When choosing decisions, choose the one that maximizes the expected value of the number for its current F and current uncertainty in current world state. Note, I prefer not to say that it maximizes the number, since it wouldn’t for instance change F in a way that would increase the number returned, since that decision doesn’t return a higher number for its current F.
I strongly agree with your first paragraph.
I agree/disagree however with the first sentence of your second paragraph depending on what you mean by “expected utility maximization”.
This reply comment does not relate to the rest of your comment.
If you maximize U: <World State> → number, for any fixed U this almost certainly leads to doom for the reasons you give.
But, if you define F: <Current World State> → (U: <Future World State>* → number), where F defines how to determine a utility function U based on, e.g. what human values are in the current world state, and then choose the future world state according to the number that the AI would expect to be returned by the hypothetical outputted utility function obtained by inputting into F the unknown actual current world state, based on the AI’s uncertain knowledge of the current world state, then I think this might not lead to doom, since the AI will correct U, and may correct some minor errors in F (where actual human values are such that the AI should correct mistakes in F and F is sufficiently close to correct that the improperly determined human values retain this property).
* I actually prefer actions/decisions here rather than future world state.
I think of this as a corrigible agent for decision theory purposes (it doesn’t match the meaning that’s more centrally about alignment), an agent that doesn’t know its own goals, but instead looks for them in the world. Literally, an agent like this is not an expected utility maximizer, it can’t do the utility-maximization cognition inside its head. Only the world as a whole could be considered an expected utility maximizer, if the agent eventually gets its manipulators on enough goal content to start doing actual expected utility maximization.

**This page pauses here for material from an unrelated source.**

(* Let $E/\mathbb{Q}(j_{K,f})$ be an elliptic curve with CM by $\mathcal{O}_{K,f}$, $j_{K,f}\neq0,1728$, with a standard compatible choice of bases. Suppose $M,M'\ge2$ are both adelic levels of definition for $E$, and let $d=\gcd(M,M')$. If $d\ge3$ then $d$ is an adelic level of definition for $E$; if $d=2$ then $4$ is an adelic level of definition for $E$.
   Context: $\delta,\phi$: $\delta=\Delta_Kf^2/4,\phi=0$ if $\Delta_Kf^2\equiv0\pmod4$, else $\delta=(\Delta_K-1)f^2/4,\phi=f$. $\mathcal{N}_{\delta,\phi}(R)=\langle\mathcal{C}_{\delta,\phi}(R),\begin{pmatrix}1&0\\-\phi&-1\end{pmatrix}\rangle$ with $\mathcal{C}_{\delta,\phi}(R)$ the invertible matrices $\begin{pmatrix}a+b\phi&b\\ \delta b&a\end{pmatrix}$, $a,b\in R$. Standard bases: a compatible system making $G_E=\rho_E(\operatorname{Gal}(\overline{F}/F))\subseteq\mathcal{N}_{\delta,\phi}(\widehat{\mathbb{Z}})$, $F=\mathbb{Q}(j_{K,f})$, with $G_{E,N}=\pi_N(G_E)$ ($\pi_N$ reduction mod $N$). $N$ is an adelic level of definition if $G_E=\pi_N^{-1}(\pi_N(G_E))$. *)

theory Defs
  imports "HOL-Computational_Algebra.Computational_Algebra"
begin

I don’t understand such agents. What is their decision rule? How do they use F that they know to make decisions? Depending on that, these might still be maximizers of something else, and a result suggesting that possibly they aren’t would be interesting.
The possibility of correcting mistakes in F is interesting, suggests trying to consider proxy everything, possibly even proxy algorithm. This fits well with how goodhart boundary is possibly a robustness threshold, indicating where a model extrapolates its trained behavior correctly, where it certainly shouldn’t yet run the risk of undergoing the phase transition of deceptive alignment (suddenly and systematically changing behavior somewhere off the training distribution).
After all, an algorithm is a coarse-grained description of behavior of a model, and if its behavior can be incorrect, then actual behavior is proxy behavior, described by a proxy algorithm of its behavior. We could then ask what the robustness of proxy algorithm (as given by a model) is to certain inputs (observations) it might encounter, and indicate the goodhart boundary where the algorithm risks starting to act very incorrectly, as well as point to central examples of the concept of correct/aligned behavior (which the model is intended to capture), situations/inputs/observations where the proxy algorithm is doing fine.
When choosing decisions, choose the one that maximizes the expected value of the number for its current F and current uncertainty in current world state. Note, I prefer not to say that it maximizes the number, since it wouldn’t for instance change F in a way that would increase the number returned, since that decision doesn’t return a higher number for its current F.